[EM] Centrifugal Margins

[Joshua Boehme]

Here are some additional tidbits about the method...


When we use examples with minimal sets of ballots, it's not unusual for the centrifugal margin solution to come out the same as random ballot. However, here's a quick example to show that 100% of the weight can end up on orderings that don't appear on any ballots:

1 B>A>C>D
1 A>C>B>D
1 A>B>D>C

The solution is 100% A>B>C>D. This puts all the non-losing edges at 100%, so no other solution can possibly beat it (every excess is at its absolute maximum).



The approach I'm using for the higher-order steps follows two rules.

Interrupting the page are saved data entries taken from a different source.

(* Let $\Gamma$ be an infinite connected subgraph of $\mathbb B$ with natural weights. There is a constant $c_1>0$ such that if $x\in\Gamma$, $r\ge1$, $\lambda\ge64$, and both $B(x,r)$ and $B(x,\lambda^{-5}r)$ are $\lambda$-good, then $$E^xd(x,Y_t)\ge c_1\lambda^{-12}t^{1/3}\quad\text{for }\frac{r^3}{\lambda^6}\le t\le\frac{r^3}{\lambda^5}.$$
   Context: $\mathbb B$ is the rooted tree in which every vertex has $n_0\ge2$ children. On $\Gamma$: $\mu_{xy}=1$ for adjacent $x,y$ and $0$ otherwise, $\mu_x$ the degree of $x$ in $\Gamma$, $\mu(A)=\sum_{x\in A}\mu_x$, $d$ the graph distance in $\Gamma$, $B(x,r)=\{y\in\Gamma:d(x,y)\le r\}$, $V(x,r)=\mu(B(x,r))$. $Y$ is the continuous-time simple random walk on $\Gamma$ (exponential mean-1 holding times, jumps to a uniform neighbour), $E^x$ its expectation started at $x$. $M(x,r)$ is the smallest $m$ such that there is $A=\{z_1,\dots,z_m\}\subset\Gamma$ with $d(x,z_i)\in[r/4,3r/4]$ for all $i$ such that every path in $\Gamma$ from $x$ to $\Gamma\setminus B(x,r)$ passes through $A$. The ball $B(x,s)$ is $\lambda$-good if: $x\in\Gamma$; $s^2\lambda^{-2}\le V(x,s)\le s^2\lambda$; $M(x,s)\le\lambda/64$; $V(x,s/\lambda)\ge s^2\lambda^{-4}$; $V(x,s/\lambda^2)\ge s^2\lambda^{-6}$. *)

theory Defs
  imports Complex_Main "HOL-Library.Extended_Nat"
begin

text \<open>The rooted tree B: vertices are words over {0..<n0}; the children of u are u@[i].\<close>
definition tree_vertices :: "nat \<Rightarrow> nat list set" where
  "tree_vertices n0 = {w. \<forall>i\<in>set w. i < n0}"

definition tree_adj :: "nat \<Rightarrow> nat list \<Rightarrow> nat list \<Rightarrow> bool" where
  "tree_adj n0 u v \<longleftrightarrow> (\<exists>i<n0. v = u @ [i]) \<or> (\<exists>i<n0. u = v @ [i])"

definition subgraph_of_tree :: "nat \<Rightarrow> nat list set \<Rightarrow> (nat list \<Rightarrow> nat list \<Rightarrow> bool) \<Rightarrow> bool" where
  "subgraph_of_tree n0 V E \<longleftrightarrow> V \<subseteq> tree_vertices n0
     \<and> (\<forall>x y. E x y \<longrightarrow> x \<in> V \<and> y \<in> V \<and> tree_adj n0 x y)
     \<and> (\<forall>x y. E x y \<longrightarrow> E y x)"

text \<open>mu_x = degree (natural weights)\<close>
definition deg :: "(nat list \<Rightarrow> nat list \<Rightarrow> bool) \<Rightarrow> nat list \<Rightarrow> nat" where
  "deg E x = card {y. E x y}"

inductive walk :: "(nat list \<Rightarrow> nat list \<Rightarrow> bool) \<Rightarrow> nat \<Rightarrow> nat list \<Rightarrow> nat list \<Rightarrow> bool"
  for E where
  walk0: "walk E 0 x x"
| walkS: "E x z \<Longrightarrow> walk E k z y \<Longrightarrow> walk E (Suc k) x y"

definition connected_graph :: "nat list set \<Rightarrow> (nat list \<Rightarrow> nat list \<Rightarrow> bool) \<Rightarrow> bool" where
  "connected_graph V E \<longleftrightarrow> (\<forall>x\<in>V. \<forall>y\<in>V. \<exists>k. walk E k x y)"

definition gdist :: "(nat list \<Rightarrow> nat list \<Rightarrow> bool) \<Rightarrow> nat list \<Rightarrow> nat list \<Rightarrow> nat" where
  "gdist E x y = (LEAST k. walk E k x y)"

definition ball :: "nat list set \<Rightarrow> (nat list \<Rightarrow> nat list \<Rightarrow> bool) \<Rightarrow> nat list \<Rightarrow> real \<Rightarrow> nat list set" where
  "ball V E x r = {y \<in> V. real (gdist E x y) \<le> r}"

definition vol :: "nat list set \<Rightarrow> (nat list \<Rightarrow> nat list \<Rightarrow> bool) \<Rightarrow> nat list \<Rightarrow> real \<Rightarrow> real" where
  "vol V E x r = (\<Sum>y\<in>ball V E x r. real (deg E y))"

definition is_path :: "(nat list \<Rightarrow> nat list \<Rightarrow> bool) \<Rightarrow> nat list list \<Rightarrow> bool" where
  "is_path E p \<longleftrightarrow> p \<noteq> [] \<and> (\<forall>i. Suc i < length p \<longrightarrow> E (p ! i) (p ! Suc i))"

definition separates :: "nat list set \<Rightarrow> (nat list \<Rightarrow> nat list \<Rightarrow> bool) \<Rightarrow> nat list \<Rightarrow> real \<Rightarrow> nat list set \<Rightarrow> bool" where
  "separates V E x r A \<longleftrightarrow>
     (\<forall>p. is_path E p \<and> hd p = x \<and> last p \<in> V - ball V E x r \<longrightarrow> set p \<inter> A \<noteq> {})"

text \<open>M(x,r), with inf of the empty set = infinity\<close>
definition Mcut :: "nat list set \<Rightarrow> (nat list \<Rightarrow> nat list \<Rightarrow> bool) \<Rightarrow> nat list \<Rightarrow> real \<Rightarrow> enat" where
  "Mcut V E x r = Inf {enat (card A) | A. finite A \<and> A \<subseteq> V
       \<and> (\<forall>z\<in>A. r / 4 \<le> real (gdist E x z) \<and> real (gdist E x z) \<le> 3 * r / 4)
       \<and> separates V E x r A}"

definition good_ball :: "nat list set \<Rightarrow> (nat list \<Rightarrow> nat list \<Rightarrow> bool) \<Rightarrow> nat list \<Rightarrow> real \<Rightarrow> real \<Rightarrow> bool" where
  "good_ball V E x s lam \<longleftrightarrow> x \<in> V
     \<and> s^2 / lam^2 \<le> vol V E x s \<and> vol V E x s \<le> s^2 * lam
     \<and> Mcut V E x s \<noteq> \<infinity> \<and> real (the_enat (Mcut V E x s)) \<le> lam / 64
     \<and> vol V E x (s / lam) \<ge> s^2 / lam^4
     \<and> vol V E x (s / lam^2) \<ge> s^2 / lam^6"

text \<open>n-step transition probabilities P^n(x,y) of the discrete-time simple random walk,
  P(z,y) = mu_zy / mu_z.\<close>
fun pn :: "(nat list \<Rightarrow> nat list \<Rightarrow> bool) \<Rightarrow> nat \<Rightarrow> nat list \<Rightarrow> nat list \<Rightarrow> real" where
  "pn E 0 x y = (if y = x then 1 else 0)"
| "pn E (Suc n) x y = (\<Sum>z\<in>{z. E z y}. pn E n x z / real (deg E z))"

text \<open>E^x d(x,Y_t) for the continuous-time SRW with mean-1 exponential holding times:
  Y_t = X_{N_t} with N_t Poisson(t) independent of the discrete walk X.\<close>
definition exp_dist :: "nat list set \<Rightarrow> (nat list \<Rightarrow> nat list \<Rightarrow> bool) \<Rightarrow> nat list \<Rightarrow> real \<Rightarrow> real" where
  "exp_dist V E x t = (\<Sum>n. exp (- t) * t ^ n / fact n *
       (\<Sum>y\<in>ball V E x (real n). pn E n x y * real (gdist E x y)))"

end

theory Submission
  imports Defs "HOL-Analysis.Convex"
begin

1. A k-tuple is non-losing if it has at least 1/k! strength on the actual ballots. For an edge, that's 1/2, exactly as we'd expect

2. Resolve the edges first, then the 3-tuples, then the 4-tuples...

The reason for those specific rules is that every variant I've tested that modified either/both of them failed to be cloneproof, and typically it was relatively easy to find a counterexample. With those two rules, I have yet to find any failures, though that doesn't mean it's cloneproof for sure



Here's another set of examples that blew my mind when I saw the results. Consider an election where every candidate ties head to head. Centrifugal margins handles some straightforward scenarios exactly as we'd intuitively expect.

If all four candidates are clones (A=B=C=D) then the solution is an equal 25% toss-up between the four.

If there are two equal factions, A > B=C=D and vice versa, then it splits 50% for A and 1/6 for each of B, C, and D

If the electorate is equally split between A, B, and C=D (i.e., 1/6 for each of the six distinct orderings), then it's 1/3 A, 1/3 B, 1/6 C, 1/6 D.

Random ballot can do that too, but it's not Condorcet or Smith. Maximal lottery would allow each of those respective solutions, but it also allows literally every other possible distribution in each case.



On 11/26/23 17:31, Joshua Boehme wrote:
> 
> Hello everyone. I've lurked in the archives off and on for a while. I finally decided to join since I've been playing around with a method and I'm at a point where outside feedback/criticism could help. Also, someone might have already described this in some paper I don't know about.
> 
> I'm calling it centrifugal margins for now, and it stochastically chooses an ordering based on ordinal ballots. (Since single-outcome methods can be contentious, assume multiple outcomes wouldn't make sense in the particular context or we're satisfying some external constraint.) Centrifugal margins generally requires ballot-level detail, but sometimes the head to head margins suffice.
> 
> The reason for the name is that it tries to maximize winning comparisons' margins and minimize them for losing ones. Majority voting with 2 candidates is the prototype: a candidate with >50% of the votes wins 100% of the time. Although cycles can prevent us from reaching 100%, the method tries to push non-ties away from the tie point. Ties remain perfectly balanced, like a pencil on its tip.
> 
> Let E be the set of non-losing edges over the ballots B. Centrifugal margins looks for new ballots B' that leximax (the margins of E over B') - (the margins of E over B). Note that E is determined solely by the actual ballots. For simple elections this suffices. Otherwise, we do the same for 3-candidate subgraphs after leximaxing the edges, then 4-candidate subgraphs, etc. The final ballots B' give the distribution.
> 
> The actual calculation resembles the nucleolus in game theory (a big inspiration) and has similar pitfalls. It involves iterated linear programming problems and using the duals to lock constraints.
> 
> Centrifugal margins satisfies Smith, and orderings with nonzero weight should have successive Smith sets in order, similar to ranked pairs. I think it's possibly cloneproof for ballot-level clones. Every ordering can have nonzero weight when all candidates tie, so worst-case complexity for n candidates is at least n!
> 
> Notably, centrifugal margins fails the blank ballot criterion. I think that's defensible, though it's probably a discussion for another time.
> 
> I'll leave it there for now to keep this brief, but questions are welcome! No promises that I have answers yet, though.